All these years it turns out coffee was dehydrating me

However, the instant positives were I required less water consumption to be hydrated, and my elimination pathways were very efficient. Very. How do I know this? There's a reason us nutritional therapists are obsessed with your urine colour and defecation regularity etc. Okay, maybe obsession is a smidge too far, but we value those functions very highly. They give enormous insight into a person's health. All these years it turns out coffee was dehydrating me. Even that one, beautiful cup of coffee I ritualistically drank in the garden every morning had been affecting my hydration and my digestive system! I know my body extremely well and I've discovered a new normal for me. There is much confusion, (and sometimes quite heated discussion), on coffee's diuretic effect, with some health experts stating confidently that consuming coffee is still a liquid and there will be some hydration benefit nonetheless. I admit, I was in that camp, until my personal experiment proved otherwise.


It's been 8 weeks of no caffeine and, few surprises here, my 3-day monthly migraines I've experienced for the last 3 years seem to have gone. I would religiously experience a pounding headache for 3 days solid every. single. month.

I knew it was hormone and anxiety related. Acupuncture helped a lot, but ditching the caffeine has been a game changer.


Caffeine is a double-edged sword

Caffeine has a half life of 8 hours in most people. Yes, you read that right: 8 hours. That's a long time for the drug to be hanging around in your body, and for some, that 1 cup of coffee in the morning can still be circulating in your system come the evening - right when you need to be winding down.


I did some digging on my newfound experience with caffeine and it turns out that caffeine, like many things in life, is a double-edged sword. In small, therapeutic amounts it's a powerful intervention to promote antioxidant status and it can stimulate insulin sensitivity,

except when consuming the beloved baked food, such as a croissant, with your morning coffee. The high sugar intake coupled with caffeine decreases insulin sensitivity which is a risk factor for type 2 diabetes!


In small quantities, caffeine is neuro-protective and can help mitigate the symptoms of dementia, but in large quantities the total opposite has been found, whereby promotion of neurodegeneration occurs and exacerbation of neurological issues.


Small and large quantities then becomes subjective. As I mentioned earlier, much of our ability to metabolise (break down) and eliminate caffeine is genetics driven. Exposure of any drug can speed up these processes, (caffeine being no different) but only to a certain degree in some people based on their genes. As with any alkaloid or drug, it is best to start low and go slow.
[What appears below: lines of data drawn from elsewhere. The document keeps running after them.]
(* Let $Q:\mathcal{Z}\times\Theta\to\mathbb{R}$ be any measurable function such that $A(\theta)=EQ(Z,\theta)$ exists for all $\theta\in\Theta$ and $A(e_1),\dots,A(e_M)$ are finite, and let $\beta>0$. Let $\hat\theta_n$ be the mirror averaging aggregate with parameter $\beta$. Then for all $M\ge 2$, $n\ge 1$, $$E_{n-1}A(\hat\theta_n)\le \min_{1\le j\le M}A(e_j)+\frac{\beta\log M}{n}+S_1,$$ where $$S_1=\beta\,E_n\log\Big(\sum_{j=1}^M\hat\theta_n^{(j)}\exp\Big[-\frac{Q(Z_n,e_j)-Q(Z_n,\hat\theta_n)}{\beta}\Big]\Big).$$
   Context: $(\mathcal{Z},\mathfrak{F})$ is a measurable space, $M\ge2$, $\Theta=\{\theta\in\mathbb{R}^M:\sum_j\theta^{(j)}=1,\theta^{(j)}\ge0\}$, $e_j$ is the $j$th unit vector of $\mathbb{R}^M$, and $z^{(j)}$ denotes the $j$th component of $z\in\mathbb{R}^M$. $Z$ is a $\mathcal{Z}$-valued random variable with distribution $P$ and expectation $E$; $Z_1,\dots,Z_n$ are i.i.d. copies of $Z$. $E_n$ (resp. $E_{n-1}$) denotes expectation with respect to $(Z_1,\dots,Z_n)$ (resp. $(Z_1,\dots,Z_{n-1})$). Mirror averaging aggregate with parameter $\beta>0$: define $W_\beta(\zeta)=\beta\log\big(\frac1M\sum_{j=1}^Me^{-\zeta^{(j)}/\beta}\big)$ for $\zeta\in\mathbb{R}^M$; put $\zeta_0=0\in\mathbb{R}^M$ and, for $i=1,\dots,n-1$, $\zeta_i=\zeta_{i-1}+u_i$ where $u_i=(Q(Z_i,e_1),\dots,Q(Z_i,e_M))^\top$; for $i=0,\dots,n-1$ let $\theta_i=-\nabla W_\beta(\zeta_i)$, i.e. $\theta_i^{(j)}=e^{-\zeta_i^{(j)}/\beta}/\sum_{k=1}^Me^{-\zeta_i^{(k)}/\beta}$ (so $\theta_0=(1/M,\dots,1/M)$); and set $\hat\theta_n=\frac1n\sum_{i=1}^n\theta_{i-1}$, which is a function of $Z_1,\dots,Z_{n-1}$. *)

theory Defs
  imports "HOL-Probability.Probability"
begin

unbundle vec_syntax

definition prob_simplex :: "(real^'m) set" where
  "prob_simplex = {\<theta>. (\<forall>j. 0 \<le> \<theta> $ j) \<and> (\<Sum>j\<in>UNIV. \<theta> $ j) = 1}"

definition eexp :: "'a measure \<Rightarrow> ('a \<Rightarrow> ereal) \<Rightarrow> ereal" where
  "eexp M f = enn2ereal (\<integral>\<^sup>+ x. e2ennreal (f x) \<partial>M) - enn2ereal (\<integral>\<^sup>+ x. e2ennreal (- f x) \<partial>M)"

definition eexp_exists :: "'a measure \<Rightarrow> ('a \<Rightarrow> ereal) \<Rightarrow> bool" where
  "eexp_exists M f \<longleftrightarrow> (\<integral>\<^sup>+ x. e2ennreal (f x) \<partial>M) < \<infinity> \<or> (\<integral>\<^sup>+ x. e2ennreal (- f x) \<partial>M) < \<infinity>"

definition risk :: "'z measure \<Rightarrow> ('z \<Rightarrow> real^'m \<Rightarrow> real) \<Rightarrow> real^'m \<Rightarrow> ereal" where
  "risk P Q \<theta> = eexp P (\<lambda>z. ereal (Q z \<theta>))"

text \<open>zeta_i = sum_{k=1}^i u_k with u_k = (Q(Z_k,e_1),...,Q(Z_k,e_M)); the sample is omega.\<close>
definition zeta :: "('z \<Rightarrow> real^'m \<Rightarrow> real) \<Rightarrow> (nat \<Rightarrow> 'z) \<Rightarrow> nat \<Rightarrow> real^'m" where
  "zeta Q \<omega> i = (\<chi> j. \<Sum>k\<in>{1..i}. Q (\<omega> k) (axis j 1))"

text \<open>theta_i = - grad W_beta(zeta_i).\<close>
definition theta_md :: "real \<Rightarrow> ('z \<Rightarrow> real^'m \<Rightarrow> real) \<Rightarrow> (nat \<Rightarrow> 'z) \<Rightarrow> nat \<Rightarrow> real^'m" where
  "theta_md \<beta> Q \<omega> i =
     (\<chi> j. exp (- (zeta Q \<omega> i $ j) / \<beta>) / (\<Sum>k\<in>UNIV. exp (- (zeta Q \<omega> i $ k) / \<beta>)))"

definition mirror_avg :: "real \<Rightarrow> ('z \<Rightarrow> real^'m \<Rightarrow> real) \<Rightarrow> nat \<Rightarrow> (nat \<Rightarrow> 'z) \<Rightarrow> real^'m" where
  "mirror_avg \<beta> Q n \<omega> = (1 / real n) *\<^sub>R (\<Sum>i\<in>{1..n}. theta_md \<beta> Q \<omega> (i - 1))"

end

theory Submission
  imports Defs
begin

text \<open>
  The aggregate \<open>\<theta> = (\<theta>\<^sub>0 + \<dots> + \<theta>\<^sub>n\<^sub>-\<^sub>1) / n\<close> depends only on
  \<open>Z\<^sub>1, \<dots>, Z\<^sub>n\<^sub>-\<^sub>1\<close>, so by Tonelli's theorem \<open>E\<^sub>n\<^sub>-\<^sub>1 A(\<theta>) \<le> E\<^sub>n Q(Z\<^sub>n, \<theta>)\<close>.
  Pointwise \<open>Q(Z\<^sub>n, \<theta>) = L + \<beta> S\<close>, where \<open>S\<close> is the integrand of \<open>S\<^sub>1\<close> and
  \<open>L = -\<beta> log \<Sum>\<^sub>j \<theta>\<^sup>(\<^sup>j\<^sup>) exp(-Q(Z\<^sub>n, e\<^sub>j) / \<beta>)\<close> is the mix loss of the weights \<open>\<theta>\<close>.
  The mix loss is convex in the weights, so \<open>L\<close> is at most the average over \<open>i\<close> of the
  mix losses of \<open>\<theta>\<^sub>i\<^sub>-\<^sub>1\<close> at \<open>Z\<^sub>n\<close>. By exchangeability \<open>Z\<^sub>n\<close> may be replaced by
  \<open>Z\<^sub>i\<close> in the \<open>i\<close>-th term, and then the mix losses telescope to
  \<open>-W\<^sub>\<beta>(\<zeta>\<^sub>n) \<le> \<zeta>\<^sub>n\<^sup>(\<^sup>j\<^sup>) + \<beta> log M\<close>, whose expectation is \<open>n A(e\<^sub>j) + \<beta> log M\<close>.
\<close>

section \<open>The probability simplex and the mix loss\<close>

lemma axis_in_prob_simplex: "axis j 1 \<in> prob_simplex"
  by (auto simp: prob_simplex_def axis_def)

lemma mean_in_prob_simplex:
  assumes "finite A" "A \<noteq> {}" "\<And>i. i \<in> A \<Longrightarrow> w i \<in> prob_simplex"
  shows "(1 / real (card A)) *\<^sub>R (\<Sum>i\<in>A. w i) \<in> prob_simplex"
proof -
  have "(\<Sum>j\<in>UNIV. \<Sum>i\<in>A. w i $ j) = (\<Sum>i\<in>A. \<Sum>j\<in>UNIV. w i $ j)"
    by (rule sum.swap)
  also have "\<dots> = real (card A)"
    using assms(3) by (simp add: prob_simplex_def)
  finally have total: "(\<Sum>j\<in>UNIV. (\<Sum>i\<in>A. w i $ j) / real (card A)) = 1"
    using assms(1,2) by (simp add: sum_divide_distrib[symmetric])
  have nonneg: "0 \<le> (\<Sum>i\<in>A. w i $ j) / real (card A)" for j
    using assms(3) by (intro divide_nonneg_nonneg sum_nonneg) (auto simp: prob_simplex_def)
  have "((1 / real (card A)) *\<^sub>R (\<Sum>i\<in>A. w i)) $ j = (\<Sum>i\<in>A. w i $ j) / real (card A)" for j
    unfolding vector_scaleR_component sum_component by simp
  then show ?thesis
    unfolding prob_simplex_def mem_Collect_eq using nonneg total by presburger
qed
Anyone with a thyroid issue should be *very* careful with coffee consumption

Would I drink caffeinated coffee again? Absolutely. But do I need it anymore? Absolutely not. My concern with reliance on caffeine is what it does to women's hormones in particular. It drives up cortisol levels, and high cortisol levels negatively impacts the conversion of inactive thyroid hormone to active thyroid hormone (T4 --> T3). Anyone with a thyroid issue should be *very* careful with coffee consumption.
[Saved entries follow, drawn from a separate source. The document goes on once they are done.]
lemma del_vec_eq_0_iff:
  assumes "i < n"
  shows "del_vec n i g = 0\<^sub>v (n - 1) \<longleftrightarrow> (\<forall>k<n. k \<noteq> i \<longrightarrow> g k = 0)"
proof -
  have "0\<^sub>v (n - 1) = del_vec n i (\<lambda>_. 0)" by (intro eq_vecI) (auto simp: del_vec_def)
  thus ?thesis using del_vec_eq_iff[OF assms] by simp
qed

definition ins_zero :: "nat \<Rightarrow> 'a :: zero vec \<Rightarrow> nat \<Rightarrow> 'a" where
  "ins_zero i x k = (if k < i then x $ k else if i < k then x $ (k - 1) else 0)"

lemma ins_zero_at [simp]: "ins_zero i x i = 0"
  unfolding ins_zero_def by simp

lemma del_vec_ins_zero: "x \<in> carrier_vec (n - 1) \<Longrightarrow> del_vec n i (ins_zero i x) = x"
  by (intro eq_vecI) (auto simp: del_vec_def ins_zero_def skip_def)

lemma del_rc_carrier: "A \<in> carrier_mat n n \<Longrightarrow> del_rc i A \<in> carrier_mat (n - 1) (n - 1)"
  unfolding del_rc_def by simp

lemma del_rc_mult_del_vec:
  assumes A: "A \<in> carrier_mat n n" and i: "i < n" and gi: "g i = 0"
  shows "del_rc i A *\<^sub>v del_vec n i g = del_vec n i (\<lambda>k. \<Sum>l\<in>{0..<n}. A $$ (k, l) * g l)"
proof (rule eq_vecI)
  fix r assume "r < dim_vec (del_vec n i (\<lambda>k. \<Sum>l\<in>{0..<n}. A $$ (k, l) * g l))"
  hence r: "r < n - 1" by simp
  have "(del_rc i A *\<^sub>v del_vec n i g) $ r = (\<Sum>c\<in>{0..<n-1}. A $$ (skip i r, skip i c) * g (skip i c))"
    using A r by (simp add: del_rc_def del_vec_def mult_mat_vec_def scalar_prod_def)
  also have "\<dots> = (\<Sum>l\<in>{0..<n}. A $$ (skip i r, l) * g l)"
    by (rule sum_skip[where f="\<lambda>l. A $$ (skip i r, l) * g l", OF i]) (simp add: gi)
  finally show "(del_rc i A *\<^sub>v del_vec n i g) $ r = del_vec n i (\<lambda>k. \<Sum>l\<in>{0..<n}. A $$ (k, l) * g l) $ r"
    using r by (simp add: del_vec_index)
qed (use A in \<open>simp add: del_rc_def\<close>)

lemma laplacian_mult_del_vec:
  assumes i: "i < n" and gi: "g i = 0"
  shows "del_rc i (laplacian n wE) *\<^sub>v del_vec n i g = del_vec n i (laplace_op n wE g)"
proof -
  have "(\<Sum>l\<in>{0..<n}. laplacian n wE $$ (k, l) * g l) = laplace_op n wE g k" if "k < n" for k
  proof -
    have "(\<Sum>l\<in>{0..<n}. laplacian n wE $$ (k, l) * g l)
        = (\<Sum>l\<in>{0..<n}. (if k = l then (\<Sum>m\<in>{0..<n}. wE k m) * g l else 0)) - (\<Sum>l\<in>{0..<n}. wE k l * g l)"
      unfolding sum_subtractf[symmetric] using that
      by (intro sum.cong refl) (auto simp: laplacian_def algebra_simps)
    also have "\<dots> = laplace_op n wE g k"
      using that unfolding laplace_op_def right_diff_distrib sum_subtractf sum_distrib_right by simp
    finally show ?thesis .
  qed
  hence "del_vec n i (\<lambda>k. \<Sum>l\<in>{0..<n}. laplacian n wE $$ (k, l) * g l) = del_vec n i (laplace_op n wE g)"
    using del_vec_eq_iff[OF i] by simp
  moreover have "laplacian n wE \<in> carrier_mat n n" by (simp add: laplacian_def)
  ultimately show ?thesis using del_rc_mult_del_vec[OF _ i, of _ g, OF _ gi] by simp
qed

lemma vweight_mat_mult_del_vec:
  assumes i: "i < n" and gi: "g i = 0"
  shows "del_rc i (vweight_mat n wV) *\<^sub>v del_vec n i g = del_vec n i (\<lambda>k. wV k * g k)"
proof -
  have "(\<Sum>l\<in>{0..<n}. vweight_mat n wV $$ (k, l) * g l) = wV k * g k" if "k < n" for k
    using that by (simp add: vweight_mat_def if_distrib[where f="\<lambda>x. x * _"] cong: if_cong)
  hence "del_vec n i (\<lambda>k. \<Sum>l\<in>{0..<n}. vweight_mat n wV $$ (k, l) * g l) = del_vec n i (\<lambda>k. wV k * g k)"
    using del_vec_eq_iff[OF i] by simp
  moreover have "vweight_mat n wV \<in> carrier_mat n n" by (simp add: vweight_mat_def)
  ultimately show ?thesis using del_rc_mult_del_vec[OF _ i, of _ g, OF _ gi] by simp
qed


lemma finite_eigenvalues:
  assumes "(A :: 'a :: field mat) \<in> carrier_mat n n"
  shows "finite {c. eigenvalue A c}"
proof -
  have "char_poly A \<noteq> 0" using degree_monic_char_poly[OF assms] by auto
  thus ?thesis unfolding eigenvalue_root_char_poly[OF assms] by (rule poly_roots_finite)
qed

lemma mat_inverse_if_det_nonzero:
  assumes A: "(A :: 'a :: field mat) \<in> carrier_mat n n" and det: "det A \<noteq> 0"
  shows "A * the (mat_inverse A) = 1\<^sub>m n \<and> the (mat_inverse A) * A = 1\<^sub>m n
    \<and> the (mat_inverse A) \<in> carrier_mat n n"
proof -
  have "A \<in> Units (ring_mat TYPE('a) n undefined)" by (rule det_non_zero_imp_unit[OF A det])
  then obtain B where "mat_inverse A = Some B" using mat_inverse(1)[OF A] by fastforce
  thus ?thesis using mat_inverse(2)[OF A] by simp
qed

lemma inverse_mult_mat_vec_eq_smult_iff:
  fixes A B W :: "'a :: field mat"
  assumes A: "A \<in> carrier_mat n n" and B: "B \<in> carrier_mat n n" and W: "W \<in> carrier_mat n n"
    and AB: "A * B = 1\<^sub>m n" and BA: "B * A = 1\<^sub>m n" and x: "x \<in> carrier_vec n"
  shows "(B * W) *\<^sub>v x = c \<cdot>\<^sub>v x \<longleftrightarrow> W *\<^sub>v x = c \<cdot>\<^sub>v (A *\<^sub>v x)"
proof -
  have BW: "(B * W) *\<^sub>v x = B *\<^sub>v (W *\<^sub>v x)" using B W x by simp
  have AB_cancel: "A *\<^sub>v (B *\<^sub>v y) = y" if "y \<in> carrier_vec n" for y
    using A B that by (simp add: assoc_mult_mat_vec[symmetric] AB one_mult_mat_vec)
  have BA_cancel: "B *\<^sub>v (A *\<^sub>v y) = y" if "y \<in> carrier_vec n" for y
    using A B that by (simp add: assoc_mult_mat_vec[symmetric] BA one_mult_mat_vec)
  show ?thesis
  proof
    assume eigen: "(B * W) *\<^sub>v x = c \<cdot>\<^sub>v x"
    have "W *\<^sub>v x = A *\<^sub>v (B *\<^sub>v (W *\<^sub>v x))" using W x by (simp add: AB_cancel)
    also have "\<dots> = A *\<^sub>v (c \<cdot>\<^sub>v x)" using eigen by (simp add: BW)
    also have "\<dots> = c \<cdot>\<^sub>v (A *\<^sub>v x)" by (rule mult_mat_vec[OF A x])
    finally show "W *\<^sub>v x = c \<cdot>\<^sub>v (A *\<^sub>v x)" .
  next
    assume "W *\<^sub>v x = c \<cdot>\<^sub>v (A *\<^sub>v x)"
    hence "(B * W) *\<^sub>v x = B *\<^sub>v (c \<cdot>\<^sub>v (A *\<^sub>v x))" by (simp add: BW)
    also have "\<dots> = c \<cdot>\<^sub>v (B *\<^sub>v (A *\<^sub>v x))" using A B x by (intro mult_mat_vec) auto
    also have "\<dots> = c \<cdot>\<^sub>v x" using x by (simp add: BA_cancel)
    finally show "(B * W) *\<^sub>v x = c \<cdot>\<^sub>v x" .
  qed
qed

lemma linear_coeff_eq_0_if_quadratic_nonneg:
  fixes a b :: real
  assumes "\<And>t. 2 * t * a + t^2 * b \<ge> 0"
  shows "a = 0"
proof (rule ccontr)
  assume a: "a \<noteq> 0"
  define c where "c = \<bar>b\<bar> + 1"
  have c: "c > 0" "b \<le> c" unfolding c_def by auto
  have "a^2 * b \<le> a^2 * c" using c by (simp add: mult_left_mono)
  moreover have "a^2 * c > 0" using a c by simp
  ultimately have "(- 2 * a^2 * c + a^2 * b) / c^2 < 0" using c by (simp add: divide_neg_pos)
  also have "(- 2 * a^2 * c + a^2 * b) / c^2 = 2 * (- a / c) * a + (- a / c)^2 * b"
    using c by (simp add: field_simps power2_eq_square)
  finally show False using assms[of "- a / c"] by simp
qed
This caffeine elimination experiment of mine has taken me by surprise. I didn't realise I was so attached to it, physiologically and emotionally. It's very difficult to be objective about your own health, even when you are an expert on nutrition. I've loved this impromptu experiment. There's power in a streak, and I plan to continue it for a little while longer yet (8 weeks and counting). The benefits I've felt from not having caffeine have been so stark that I'll be very careful when I do drink it again. I was the very same with pasta, grains, cereals, and all things gluten many years ago. Once I eliminated these foods, it positively changed my health so dramatically that I indulge in them very occasionally and oh, so very carefully. Caffeine will perhaps become no different for me.


If you read this and felt a little annoyed, or a little resistance, perhaps you would benefit also from easing off the coffee for a little while.

Test the theory. See for yourself. Let me know how you get on.